About this exercise:
Filter the records below, keeping only lines with the string "open".

Records supplied:
(* Let $X$ be a linearly ordered set. A linear basis of the free $\mathrm{BiCom}$-algebra $\mathrm{BiCom}\langle X\rangle$ consists of the words $x_1*\dots*x_t*(y_1\odot\dots\odot y_k)$, with $t\ge 0$, $k\ge 1$, $x_i,y_j\in X$, and $x_1\le\dots\le x_t\le y_1\le\dots\le y_k$ (for $t=0$ the word is $y_1\odot\dots\odot y_k$; bracketings inside $*$-products and $\odot$-products are irrelevant by associativity).
   Context: A $\mathrm{BiCom}$-algebra is a vector space with two bilinear operations $*$ and $\odot$, each associative and commutative, satisfying $(x\odot y)*z=x\odot(y*z)$. *)

theory Defs
  imports Main
begin

text \<open>Free magma on X with two binary operations (star and odot): these are the
  nonassociative, noncommutative words; their finitely supported 'k-linear
  combinations form the free (absolutely free) algebra with two bilinear operations.\<close>
datatype 'x bterm = V 'x | St "'x bterm" "'x bterm" | Od "'x bterm" "'x bterm"

type_synonym ('x, 'k) vec = "'x bterm \<Rightarrow> 'k"

definition fin_supp :: "('x, 'k::zero) vec \<Rightarrow> bool" where
  "fin_supp f \<longleftrightarrow> finite {t. f t \<noteq> 0}"

definition mon :: "'x bterm \<Rightarrow> ('x, 'k::zero_neq_one) vec" where
  "mon t = (\<lambda>s. if s = t then 1 else 0)"

definition lincomb :: "('x bterm \<Rightarrow> 'k::field) \<Rightarrow> 'x bterm set \<Rightarrow> ('x, 'k) vec" where
  "lincomb c S = (\<lambda>s. \<Sum>w\<in>S. c w * mon w s)"

text \<open>Bilinear extension of the operations, multiplying a vector by a monomial
  on the right (f * u) or on the left (u * f).\<close>
definition st_r :: "('x, 'k::zero) vec \<Rightarrow> 'x bterm \<Rightarrow> ('x, 'k) vec" where
  "st_r f u = (\<lambda>s. case s of St a b \<Rightarrow> if b = u then f a else 0 | _ \<Rightarrow> 0)"
definition st_l :: "'x bterm \<Rightarrow> ('x, 'k::zero) vec \<Rightarrow> ('x, 'k) vec" where
  "st_l u f = (\<lambda>s. case s of St a b \<Rightarrow> if a = u then f b else 0 | _ \<Rightarrow> 0)"
definition od_r :: "('x, 'k::zero) vec \<Rightarrow> 'x bterm \<Rightarrow> ('x, 'k) vec" where
  "od_r f u = (\<lambda>s. case s of Od a b \<Rightarrow> if b = u then f a else 0 | _ \<Rightarrow> 0)"
definition od_l :: "'x bterm \<Rightarrow> ('x, 'k::zero) vec \<Rightarrow> ('x, 'k) vec" where
  "od_l u f = (\<lambda>s. case s of Od a b \<Rightarrow> if a = u then f b else 0 | _ \<Rightarrow> 0)"

definition diff_mon :: "'x bterm \<Rightarrow> 'x bterm \<Rightarrow> ('x, 'k::field) vec" where
  "diff_mon p q = (\<lambda>s. mon p s - mon q s)"

text \<open>Defining identities of BiCom-algebras (multilinear, so instances on words suffice).\<close>
definition bicom_rels :: "('x, 'k::field) vec set" where
  "bicom_rels = (\<Union>a b c.
     { diff_mon (St (St a b) c) (St a (St b c)),
       diff_mon (St a b) (St b a),
       diff_mon (Od (Od a b) c) (Od a (Od b c)),
       diff_mon (Od a b) (Od b a),
       diff_mon (St (Od a b) c) (Od a (St b c)) })"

Written reply:
text \<open>Free magma on X with two binary operations (star and odot): these are the
text \<open>Bilinear extension of the operations, multiplying a vector by a monomial
text \<open>Defining identities of BiCom-algebras (multilinear, so instances on words suffice).\<close>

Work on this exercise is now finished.